From Correlation to Causality: Identifying Potential Environmental Drivers of Pathogenic Antibiotic-Resistant Bacteria in River Water Using Causal Machine Learning.
Journal:
Environmental pollution (Barking, Essex : 1987)
Published Date:
Jun 10, 2026
Abstract
Pathogenic antibiotic-resistant bacteria (PARB) pose a serious public health threat within the One Health framework, yet identifying their potential environmental drivers in complex aquatic systems remains a challenge. This study systematically compared correlation analysis, explainable machine learning, and causal machine learning within a unified framework. Both Spearman correlation and explainable machine learning identified numerous potentially important factors, notably non-antibiotic pharmaceuticals such as carbamazepine and bezafibrate.
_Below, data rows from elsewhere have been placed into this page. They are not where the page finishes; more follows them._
(* Fix $\beta\ne0$. Let a learner use policies $\pi^1,\dots,\pi^K$ and maintain value estimates $V_1^k(s_1)$, and suppose $V_1^k(s_1)\ge V_1^{\pi^k}(s_1)$ for all $k\in[K]$. Then $$\mathcal{R}(K)\le\bar\psi_\beta\cdot\mathcal{E}(K).$$
   Context: Episodic finite-horizon MDP with horizon $H$, $K$ episodes, deterministic rewards $r_h\in[0,1]$, fixed initial state $s_1$. For a policy $\pi$ and $\beta\ne0$, $V_h^\pi(s)=\frac1\beta\log\mathbb{E}[e^{\beta\sum_{i=h}^H r_i(s_i,\pi_i(s_i))}\mid s_h=s]$, and $V_1^*=\sup_\pi V_1^\pi$. Regret $\mathcal{R}(K)=\sum_{k=1}^K(V_1^*-V_1^{\pi^k})(s_1)$; exponential regret $\mathcal{E}(K)=\frac1\beta\sum_{k=1}^K[e^{\beta V_1^*(s_1)}-e^{\beta V_1^{\pi^k}(s_1)}]$. Semi-normalizer $\bar\psi_\beta=1$ if $\beta>0$ and $\bar\psi_\beta=e^{-\beta H}$ if $\beta<0$. *)

theory Defs
  imports "HOL-Probability.Probability"
begin

text \<open>Episodic MDP: transition kernels P h s a (a pmf over next states), deterministic
rewards r h s a, deterministic Markov policies pol h s. Steps are indexed h = 1..H.\<close>

text \<open>exp_val beta P r pol m h s = E[ exp(beta * sum_{i=h}^{h+m-1} r_i(s_i, pi_i(s_i))) | s_h = s ],
computed by conditioning on the first transition (Markov property).\<close>
fun exp_val :: "real \<Rightarrow> (nat \<Rightarrow> 's \<Rightarrow> 'a \<Rightarrow> 's pmf) \<Rightarrow> (nat \<Rightarrow> 's \<Rightarrow> 'a \<Rightarrow> real)
      \<Rightarrow> (nat \<Rightarrow> 's \<Rightarrow> 'a) \<Rightarrow> nat \<Rightarrow> nat \<Rightarrow> 's \<Rightarrow> real" where
  "exp_val beta P r pol 0 h s = 1"
| "exp_val beta P r pol (Suc m) h s =
     exp (beta * r h s (pol h s)) *
     measure_pmf.expectation (P h s (pol h s)) (\<lambda>s'. exp_val beta P r pol m (Suc h) s')"

definition value_fn :: "real \<Rightarrow> nat \<Rightarrow> (nat \<Rightarrow> 's \<Rightarrow> 'a \<Rightarrow> 's pmf) \<Rightarrow> (nat \<Rightarrow> 's \<Rightarrow> 'a \<Rightarrow> real)
      \<Rightarrow> (nat \<Rightarrow> 's \<Rightarrow> 'a) \<Rightarrow> nat \<Rightarrow> 's \<Rightarrow> real" where
  "value_fn beta H P r pol h s = ln (exp_val beta P r pol (H + 1 - h) h s) / beta"

definition opt_value :: "real \<Rightarrow> nat \<Rightarrow> (nat \<Rightarrow> 's \<Rightarrow> 'a \<Rightarrow> 's pmf) \<Rightarrow> (nat \<Rightarrow> 's \<Rightarrow> 'a \<Rightarrow> real)
      \<Rightarrow> nat \<Rightarrow> 's \<Rightarrow> real" where
  "opt_value beta H P r h s = (SUP pol. value_fn beta H P r pol h s)"

definition regret :: "real \<Rightarrow> nat \<Rightarrow> (nat \<Rightarrow> 's \<Rightarrow> 'a \<Rightarrow> 's pmf) \<Rightarrow> (nat \<Rightarrow> 's \<Rightarrow> 'a \<Rightarrow> real)
      \<Rightarrow> 's \<Rightarrow> (nat \<Rightarrow> nat \<Rightarrow> 's \<Rightarrow> 'a) \<Rightarrow> nat \<Rightarrow> real" where
  "regret beta H P r s1 pols K =
     (\<Sum>k=1..K. opt_value beta H P r 1 s1 - value_fn beta H P r (pols k) 1 s1)"

definition exp_regret :: "real \<Rightarrow> nat \<Rightarrow> (nat \<Rightarrow> 's \<Rightarrow> 'a \<Rightarrow> 's pmf) \<Rightarrow> (nat \<Rightarrow> 's \<Rightarrow> 'a \<Rightarrow> real)
      \<Rightarrow> 's \<Rightarrow> (nat \<Rightarrow> nat \<Rightarrow> 's \<Rightarrow> 'a) \<Rightarrow> nat \<Rightarrow> real" where
  "exp_regret beta H P r s1 pols K =
     (1 / beta) * (\<Sum>k=1..K. exp (beta * opt_value beta H P r 1 s1)
                              - exp (beta * value_fn beta H P r (pols k) 1 s1))"

definition semi_normalizer :: "real \<Rightarrow> nat \<Rightarrow> real" where
  "semi_normalizer beta H = (if beta > 0 then 1 else exp (- beta * real H))"

end

theory Submission
  imports Defs
begin

text \<open>Rewards lie in [0, 1], so every value lies in [0, H], and on that interval the map
  t \<mapsto> exp (\<beta> t) / \<beta> has derivative exp (\<beta> t) \<ge> 1 / \<psi>, where \<psi> is the semi-normalizer.
  By convexity of exp, each term V* - V^(\<pi>_k) of the regret is therefore at most \<psi> times
  the corresponding term of the exponential regret.\<close>

lemma exp_val_bounds:
  assumes r: "\<And>h s a. 0 \<le> r h s a \<and> r h s a \<le> 1"
  shows "exp (min 0 (beta * real m)) \<le> exp_val beta P r pol m h s
       \<and> exp_val beta P r pol m h s \<le> exp (max 0 (beta * real m))"
proof (induction m arbitrary: h s)
  case 0
  then show ?case by simp
next
  case (Suc m)
  define M where "M = measure_pmf (P h s (pol h s))"
  define f where "f = exp_val beta P r pol m (Suc h)"
  have f_lower: "exp (min 0 (beta * real m)) \<le> f s'" and f_upper: "f s' \<le> exp (max 0 (beta * real m))" for s'
    using Suc.IH unfolding f_def by auto
  have "integrable M f"
    unfolding M_def
  proof (rule measure_pmf.integrable_const_bound)
    show "AE s' in P h s (pol h s). norm (f s') \<le> exp (max 0 (beta * real m))"
      using f_lower f_upper order_trans[OF exp_ge_zero f_lower] by auto
  qed simp
  then have E_lower: "exp (min 0 (beta * real m)) \<le> integral\<^sup>L M f"
    and E_upper: "integral\<^sup>L M f \<le> exp (max 0 (beta * real m))"
    unfolding M_def
    by (auto intro: measure_pmf.integral_ge_const measure_pmf.integral_le_const f_lower f_upper)
  define x where "x = r h s (pol h s)"
  have "min 0 beta \<le> beta * x \<and> beta * x \<le> max 0 beta"
    using r[of h s "pol h s"] unfolding x_def
    by (cases "beta \<ge> 0") (auto simp: mult_left_le mult_nonpos_nonneg mult_le_cancel_left1)
  then have step_lower: "exp (min 0 beta) \<le> exp (beta * x)"
    and step_upper: "exp (beta * x) \<le> exp (max 0 beta)" by auto
  have min_add: "min 0 (beta * real (Suc m)) = min 0 beta + min 0 (beta * real m)"
    and max_add: "max 0 (beta * real (Suc m)) = max 0 beta + max 0 (beta * real m)"
    using mult_nonpos_nonneg[of beta "real m"] by (cases "beta \<ge> 0"; auto simp: algebra_simps)+
  have "exp_val beta P r pol (Suc m) h s = exp (beta * x) * integral\<^sup>L M f"
    by (simp add: M_def f_def x_def)
  moreover have "exp (min 0 beta) * exp (min 0 (beta * real m)) \<le> exp (beta * x) * integral\<^sup>L M f"
    using step_lower E_lower by (intro mult_mono) auto
  moreover have "exp (beta * x) * integral\<^sup>L M f \<le> exp (max 0 beta) * exp (max 0 (beta * real m))"
    using step_upper E_upper order_trans[OF exp_ge_zero E_lower] by (intro mult_mono) auto
  ultimately show ?case
    unfolding min_add max_add exp_add by simp
qed

lemma value_fn_bounds:
  assumes "beta \<noteq> 0" and "\<And>h s a. 0 \<le> r h s a \<and> r h s a \<le> 1"
  shows "0 \<le> value_fn beta H P r pol h s \<and> value_fn beta H P r pol h s \<le> real (H + 1 - h)"
proof -
  define m where "m = H + 1 - h"
  define e where "e = exp_val beta P r pol m h s"
  have e_bounds: "exp (min 0 (beta * real m)) \<le> e" "e \<le> exp (max 0 (beta * real m))"
    using exp_val_bounds[where r = r, OF assms(2)] unfolding e_def by auto
  then have "0 < e"
    using exp_gt_zero less_le_trans by blast
  then have "min 0 (beta * real m) \<le> ln e" "ln e \<le> max 0 (beta * real m)"
    using e_bounds by (metis ln_exp ln_le_cancel_iff exp_gt_zero)+
  then have "0 \<le> ln e / beta \<and> ln e / beta \<le> real m"
    using \<open>beta \<noteq> 0\<close> mult_nonpos_nonneg[of beta "real m"]
    by (cases "beta > 0")
       (auto simp: pos_divide_le_eq neg_divide_le_eq divide_nonpos_neg zero_le_divide_iff mult.commute)
  then show ?thesis
    by (simp add: value_fn_def e_def m_def)
qed

lemma
  assumes "beta \<noteq> 0" and "\<And>h s a. 0 \<le> r h s a \<and> r h s a \<le> 1"
  shows value_fn_le_opt_value: "value_fn beta H P r pol h s \<le> opt_value beta H P r h s"
    and opt_value_le: "opt_value beta H P r h s \<le> real (H + 1 - h)"
proof -
  have bounds: "\<And>pol. 0 \<le> value_fn beta H P r pol h s \<and> value_fn beta H P r pol h s \<le> real (H + 1 - h)"
    using value_fn_bounds[where r = r, OF assms] by blast
  then have "bdd_above (range (\<lambda>pol. value_fn beta H P r pol h s))"
    by (intro bdd_aboveI2) blast
  then show "value_fn beta H P r pol h s \<le> opt_value beta H P r h s"
    unfolding opt_value_def by (rule cSUP_upper[rotated]) simp
  show "opt_value beta H P r h s \<le> real (H + 1 - h)"
    unfolding opt_value_def by (rule cSUP_least) (use bounds in auto)
qed

lemma exp_secant_ge:
  fixes beta x y c :: real
  assumes "beta \<noteq> 0" "y \<le> x" "c \<le> exp (beta * x)" "c \<le> exp (beta * y)"
  shows "c * (x - y) \<le> (exp (beta * x) - exp (beta * y)) / beta"
proof -
  have tangent: "exp a * (b - a) \<le> exp b - exp a" for a b :: real
    using exp_ge_add_one_self[of "b - a"] by (simp add: exp_diff field_simps)
  show ?thesis
  proof (cases "beta > 0")
    case True
    have "c * (x - y) \<le> exp (beta * y) * (x - y)"
      using assms by (intro mult_right_mono) auto
    also have "\<dots> \<le> (exp (beta * x) - exp (beta * y)) / beta"
    proof -
      have "exp (beta * y) * (x - y) * beta \<le> exp (beta * x) - exp (beta * y)"
        using tangent[of "beta * y" "beta * x"] by (simp add: algebra_simps)
      then show ?thesis using True by (simp add: pos_le_divide_eq)
    qed
    finally show ?thesis .
  next
    case False
    then have "beta < 0" using assms(1) by simp
    have "c * (x - y) \<le> exp (beta * x) * (x - y)"
      using assms by (intro mult_right_mono) auto
    also have "\<dots> \<le> (exp (beta * x) - exp (beta * y)) / beta"
    proof -
      have "exp (beta * x) - exp (beta * y) \<le> exp (beta * x) * (x - y) * beta"
        using tangent[of "beta * x" "beta * y"] by (simp add: algebra_simps)
      then show ?thesis using \<open>beta < 0\<close> by (simp add: neg_le_divide_eq)
    qed
    finally show ?thesis .
  qed
qed

lemma inverse_semi_normalizer_le_exp:
  assumes "0 \<le> t" "t \<le> real H"
  shows "1 / semi_normalizer beta H \<le> exp (beta * t)"
proof (cases "beta > 0")
  case True
  then show ?thesis using assms by (simp add: semi_normalizer_def)
next
  case False
  then have "beta * real H \<le> beta * t"
    using assms by (simp add: mult_left_mono_neg)
  then show ?thesis
    using False by (simp add: semi_normalizer_def exp_minus inverse_eq_divide)
qed

lemma diff_le_semi_normalizer_mult_exp_diff:
  fixes beta x y :: real
  assumes "beta \<noteq> 0" "0 \<le> y" "y \<le> x" "x \<le> real H"
  shows "x - y \<le> semi_normalizer beta H * ((1 / beta) * (exp (beta * x) - exp (beta * y)))"
proof -
  have "0 < semi_normalizer beta H"
    by (simp add: semi_normalizer_def)
  moreover have "1 / semi_normalizer beta H * (x - y) \<le> (exp (beta * x) - exp (beta * y)) / beta"
    using assms by (intro exp_secant_ge inverse_semi_normalizer_le_exp) auto
  ultimately show ?thesis
    by (simp add: field_simps)
qed

theorem lemma11:
  fixes beta :: real and H K :: nat
    and P :: "nat \<Rightarrow> 's \<Rightarrow> 'a \<Rightarrow> 's pmf" and r :: "nat \<Rightarrow> 's \<Rightarrow> 'a \<Rightarrow> real"
    and s1 :: 's and pols :: "nat \<Rightarrow> nat \<Rightarrow> 's \<Rightarrow> 'a" and Vest :: "nat \<Rightarrow> real"
  assumes "beta \<noteq> 0"
    and "\<And>h s a. 0 \<le> r h s a \<and> r h s a \<le> 1"
    and "\<And>k. k \<in> {1..K} \<Longrightarrow> Vest k \<ge> value_fn beta H P r (pols k) 1 s1"
  shows "regret beta H P r s1 pols K \<le> semi_normalizer beta H * exp_regret beta H P r s1 pols K"
proof -
  note value_bounds = value_fn_bounds[where r = r and h = 1, OF assms(1,2)]
    and opt_bounds = value_fn_le_opt_value[where r = r, OF assms(1,2)]
      opt_value_le[where r = r and h = 1, OF assms(1,2)]
  have "regret beta H P r s1 pols K
      \<le> (\<Sum>k=1..K. semi_normalizer beta H * ((1 / beta) *
           (exp (beta * opt_value beta H P r 1 s1) - exp (beta * value_fn beta H P r (pols k) 1 s1))))"
    unfolding regret_def
    by (intro sum_mono diff_le_semi_normalizer_mult_exp_diff) (use assms(1) value_bounds opt_bounds in auto)
  also have "\<dots> = semi_normalizer beta H * exp_regret beta H P r s1 pols K"
    by (simp add: exp_regret_def sum_distrib_left)
  finally show ?thesis .
qed

end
However, causal inference via double machine learning, which controls for confounders and interaction effects, revealed a distinctly different driver profile. Under predefined assumptions, this approach estimated potential causal effects for dissolved oxygen, the nitrate-to-ammonium ratio, specific antibiotics (roxithromycin, azithromycin), and non-antibiotic compounds (acenaphthene, 2-chloroanthracene). Taxon-specific analysis further showed that Aeromonas aligned closely with the overall PARB causal profile, whereas Pseudomonas responded primarily to oxidation-reduction potential. Functional profiles suggested potential stress-adaptation mechanisms related to signal transduction and metabolic regulation pathways. By shifting from associative prediction to causal inference, this causal machine learning-guided framework provides a robust analytical basis for identifying environmental drivers and informing targeted management of PARB risks in aquatic ecosystems.